> Stored data:

____

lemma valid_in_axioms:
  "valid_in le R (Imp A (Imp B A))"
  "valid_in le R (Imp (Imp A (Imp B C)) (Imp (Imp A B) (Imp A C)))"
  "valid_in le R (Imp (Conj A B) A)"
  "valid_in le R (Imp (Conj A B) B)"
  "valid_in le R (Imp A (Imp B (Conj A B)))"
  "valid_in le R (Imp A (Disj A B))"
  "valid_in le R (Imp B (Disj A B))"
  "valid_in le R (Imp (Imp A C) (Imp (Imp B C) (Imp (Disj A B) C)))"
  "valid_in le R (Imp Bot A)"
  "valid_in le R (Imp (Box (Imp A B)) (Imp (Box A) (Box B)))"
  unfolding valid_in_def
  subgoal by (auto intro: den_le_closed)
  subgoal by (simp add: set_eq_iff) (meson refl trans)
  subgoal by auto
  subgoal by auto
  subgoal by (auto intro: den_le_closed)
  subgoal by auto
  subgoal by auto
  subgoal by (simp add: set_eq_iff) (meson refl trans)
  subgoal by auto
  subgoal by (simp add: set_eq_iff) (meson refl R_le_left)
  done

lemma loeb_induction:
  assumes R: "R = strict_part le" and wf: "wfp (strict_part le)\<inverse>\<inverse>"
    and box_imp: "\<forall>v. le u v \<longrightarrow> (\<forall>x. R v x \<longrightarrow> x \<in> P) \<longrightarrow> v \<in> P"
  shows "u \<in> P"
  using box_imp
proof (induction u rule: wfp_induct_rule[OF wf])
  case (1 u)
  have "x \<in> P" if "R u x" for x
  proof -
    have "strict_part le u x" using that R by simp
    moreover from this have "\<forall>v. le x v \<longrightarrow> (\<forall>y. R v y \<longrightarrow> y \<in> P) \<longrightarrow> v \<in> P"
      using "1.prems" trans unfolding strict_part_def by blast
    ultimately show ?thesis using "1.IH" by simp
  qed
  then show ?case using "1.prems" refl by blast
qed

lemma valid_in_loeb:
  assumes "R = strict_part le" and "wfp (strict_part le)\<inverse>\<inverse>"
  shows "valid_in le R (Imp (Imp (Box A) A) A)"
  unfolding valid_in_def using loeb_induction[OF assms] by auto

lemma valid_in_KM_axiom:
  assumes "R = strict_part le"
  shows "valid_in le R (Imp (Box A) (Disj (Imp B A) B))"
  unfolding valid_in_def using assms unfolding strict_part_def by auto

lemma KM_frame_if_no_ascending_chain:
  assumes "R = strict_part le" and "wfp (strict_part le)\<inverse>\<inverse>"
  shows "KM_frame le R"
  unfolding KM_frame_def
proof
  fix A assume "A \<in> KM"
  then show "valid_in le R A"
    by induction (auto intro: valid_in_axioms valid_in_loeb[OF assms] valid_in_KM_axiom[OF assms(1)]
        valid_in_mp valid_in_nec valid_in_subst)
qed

____

> Work item: Copy down each line in the entries that has the word "prems".

> Output below:
      using "1.prems" trans unfolding strict_part_def by blast
  then show ?case using "1.prems" refl by blast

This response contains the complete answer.